→ **What you have to do**:
Would you copy all lines in the data that contain the word "ultimately"?
** Opening Data to process block **
lemma exists_rotations_sum_power2_le:
  fixes a :: "nat \<Rightarrow> real" and N :: nat
  assumes m: "0 < m" and a0: "(\<Sum>j<m. a j) = 0"
  shows "\<exists>c. (\<Sum>u<m. (\<Sum>i\<in>{1..N}. a ((u + c i) mod m))^2) \<le> N * (\<Sum>j<m. a j ^ 2)"
proof (induction N)
  case 0
  show ?case by simp
next
  case (Suc N)
  then obtain c where c: "(\<Sum>u<m. (\<Sum>i\<in>{1..N}. a ((u + c i) mod m))^2) \<le> N * (\<Sum>j<m. a j ^ 2)"
    by blast
  define P where "P u = (\<Sum>i\<in>{1..N}. a ((u + c i) mod m))" for u
  obtain c' where cross: "(\<Sum>u<m. P u * a ((u + c') mod m)) \<le> 0"
    using exists_rotation_nonpos_correlation[OF m a0] by blast
  define c2 where "c2 = c(Suc N := c')"
  have split: "(\<Sum>i\<in>{1..Suc N}. a ((u + c2 i) mod m)) = P u + a ((u + c') mod m)" for u
  proof -
    have "(\<Sum>i\<in>{1..N}. a ((u + c2 i) mod m)) = P u"
      unfolding P_def by (rule sum.cong) (auto simp: c2_def)
    then show ?thesis by (simp add: c2_def)
  qed
  have "(\<Sum>u<m. (\<Sum>i\<in>{1..Suc N}. a ((u + c2 i) mod m))^2)
      = (\<Sum>u<m. (P u)^2) + 2 * (\<Sum>u<m. P u * a ((u + c') mod m)) + (\<Sum>u<m. a ((u + c') mod m) ^ 2)"
    unfolding split power2_sum by (simp only: sum.distrib sum_distrib_left mult.assoc)
  also have "(\<Sum>u<m. a ((u + c') mod m) ^ 2) = (\<Sum>j<m. a j ^ 2)"
    using m by (rule sum_rotate_mod)
  finally have "(\<Sum>u<m. (\<Sum>i\<in>{1..Suc N}. a ((u + c2 i) mod m))^2) \<le> Suc N * (\<Sum>j<m. a j ^ 2)"
    using c cross by (simp add: P_def distrib_right)
  then show ?case by blast
qed

lemma exists_step_within:
  fixes v :: "'a \<Rightarrow> real"
  assumes "finite A" "A \<noteq> {}" "\<forall>y\<in>A. lo \<le> v y \<and> v y \<le> hi"
    "lo \<le> s" "s \<le> hi" "s + sum v A = 0"
  shows "\<exists>x\<in>A. lo \<le> s + v x \<and> s + v x \<le> hi"
proof (cases "s \<le> 0")
  case True
  have "\<exists>x\<in>A. 0 \<le> v x"
  proof (rule ccontr)
    assume "\<not> ?thesis"
    then have "0 < (\<Sum>y\<in>A. - v y)" using assms(1,2) by (intro sum_pos) auto
    then show False using True assms(6) by (simp add: sum_negf)
  qed
  then show ?thesis using True assms(3,4) by force
next
  case False
  have "\<exists>x\<in>A. v x < 0"
  proof (rule ccontr)
    assume "\<not> ?thesis"
    then have "0 \<le> sum v A" by (intro sum_nonneg) auto
    then show False using False assms(6) by linarith
  qed
  then show ?thesis using False assms(3,5) by force
qed

lemma exists_list_partial_sums_within:
  fixes v :: "'a \<Rightarrow> real"
  assumes "finite A" "\<forall>y\<in>A. lo \<le> v y \<and> v y \<le> hi"
    "lo \<le> s" "s \<le> hi" "s + sum v A = 0"
  shows "\<exists>xs. distinct xs \<and> set xs = A \<and>
           (\<forall>t\<le>length xs. lo \<le> s + (\<Sum>j<t. v (xs!j)) \<and> s + (\<Sum>j<t. v (xs!j)) \<le> hi)"
  using assms
proof (induction "card A" arbitrary: A s)
  case 0
  then show ?case by (intro exI[of _ "[]"]) auto
next
  case (Suc n)
  then obtain x where x: "x \<in> A" "lo \<le> s + v x" "s + v x \<le> hi"
    using exists_step_within[of A lo v hi s] by fastforce
  have "(s + v x) + sum v (A - {x}) = 0" "n = card (A - {x})"
    using Suc x(1) by (simp_all add: sum_diff1)
  then obtain xs where xs: "distinct xs" "set xs = A - {x}"
    "\<forall>t\<le>length xs. lo \<le> (s + v x) + (\<Sum>j<t. v (xs!j)) \<and> (s + v x) + (\<Sum>j<t. v (xs!j)) \<le> hi"
    using Suc.hyps(1)[of "A - {x}" "s + v x"] Suc.prems x by auto
  have "lo \<le> s + (\<Sum>j<t. v ((x # xs) ! j)) \<and> s + (\<Sum>j<t. v ((x # xs) ! j)) \<le> hi"
    if "t \<le> length (x # xs)" for t
  proof (cases t)
    case (Suc t')
    have "(\<Sum>j<t. v ((x # xs) ! j)) = v x + (\<Sum>j<t'. v (xs ! j))"
      unfolding Suc sum.lessThan_Suc_shift by simp
    then show ?thesis using xs(3) that Suc by (simp add: add.assoc)
  qed (use Suc.prems in simp)
  moreover have "distinct (x # xs)" "set (x # xs) = A" using xs x(1) by auto
  ultimately show ?case by blast
qed

lemma exists_balanced_enumeration:
  fixes Ys :: "real set"
  assumes fin: "finite Ys" and ne: "Ys \<noteq> {}"
  shows "\<exists>e. bij_betw e {..<card Ys} Ys \<and>
           (\<forall>t\<le>card Ys. Min Ys - mean_unif Ys \<le> (\<Sum>j<t. e j - mean_unif Ys)
                          \<and> (\<Sum>j<t. e j - mean_unif Ys) \<le> Max Ys - mean_unif Ys)"
proof -
  define \<mu> where "\<mu> = mean_unif Ys"
  have sum_Ys: "(\<Sum>y\<in>Ys. y) = card Ys * \<mu>"
    using fin ne by (simp add: \<mu>_def mean_unif_def card_gt_0_iff)
  have "card Ys * Min Ys \<le> card Ys * \<mu>" "card Ys * \<mu> \<le> card Ys * Max Ys"
    unfolding sum_Ys[symmetric] using fin by (auto intro: sum_bounded_below sum_bounded_above)
  then have "Min Ys \<le> \<mu>" "\<mu> \<le> Max Ys"
    using fin ne by (simp_all add: card_gt_0_iff)
  moreover have "\<forall>y\<in>Ys. Min Ys - \<mu> \<le> y - \<mu> \<and> y - \<mu> \<le> Max Ys - \<mu>"
    using fin by simp
  ultimately obtain xs where xs: "distinct xs" "set xs = Ys"
    "\<forall>t\<le>length xs. Min Ys - \<mu> \<le> 0 + (\<Sum>j<t. xs!j - \<mu>) \<and> 0 + (\<Sum>j<t. xs!j - \<mu>) \<le> Max Ys - \<mu>"
    using exists_list_partial_sums_within[of Ys "Min Ys - \<mu>" "\<lambda>y. y - \<mu>" "Max Ys - \<mu>" 0]
      fin sum_diff_mean_unif[OF fin] by (auto simp: \<mu>_def)
  moreover have "bij_betw (nth xs) {..<card Ys} Ys"
    using xs(1,2) distinct_card[OF xs(1)] by (intro bij_betw_nth) auto
  ultimately show ?thesis using distinct_card[OF xs(1)] by (auto simp: \<mu>_def)
qed

lemma exists_rotation_scheme_leakage_le:
  fixes c :: "nat \<Rightarrow> nat"
  assumes m: "0 < m" and e: "bij_betw e {..<m} Ys"
    and Q: "(\<Sum>u<m. (\<Sum>i\<in>{1..2^k}. e ((u + c i) mod m) - mean_unif Ys)^2) \<le> real m * (2^k)^2 * B"
  shows "\<exists>\<sigma>. encoding_scheme Ys k m \<sigma> \<and> D_max Ys - D_ach Ys k \<sigma> \<le> B"
proof -
  have E: "bij_betw (\<lambda>u. e ((u + c i) mod m)) {..<m} Ys" for i
    using bij_betw_trans[OF bij_betw_rotate_mod[OF m] e] by (simp add: comp_def)
  have pos: "0 < real m * (2^k)^2" using m by simp
  have "D_max Ys - D_ach Ys k (codebook_scheme m (\<lambda>i u. e ((u + c i) mod m)))
          \<le> (\<Sum>u<m. (\<Sum>i\<in>{1..2^k}. e ((u + c i) mod m) - mean_unif Ys)^2) / (real m * (2^k)^2)"
    by (rule D_max_minus_D_ach_codebook_le[OF m E])
  also have "\<dots> \<le> real m * (2^k)^2 * B / (real m * (2^k)^2)"
    using Q pos by (intro divide_right_mono) simp_all
  also have "\<dots> = B" using m by simp
  finally have "D_max Ys - D_ach Ys k (codebook_scheme m (\<lambda>i u. e ((u + c i) mod m))) \<le> B" .
  moreover have "encoding_scheme Ys k m (codebook_scheme m (\<lambda>i u. e ((u + c i) mod m)))"
    using E by (rule encoding_scheme_codebook)
  ultimately show ?thesis by blast
qed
** Closing Data to process block **
→ **Answer to this exercise**:
  ultimately show ?case by blast
  ultimately obtain xs where xs: "distinct xs" "set xs = Ys"
  ultimately show ?thesis using distinct_card[OF xs(1)] by (auto simp: \<mu>_def)
  ultimately show ?thesis by blast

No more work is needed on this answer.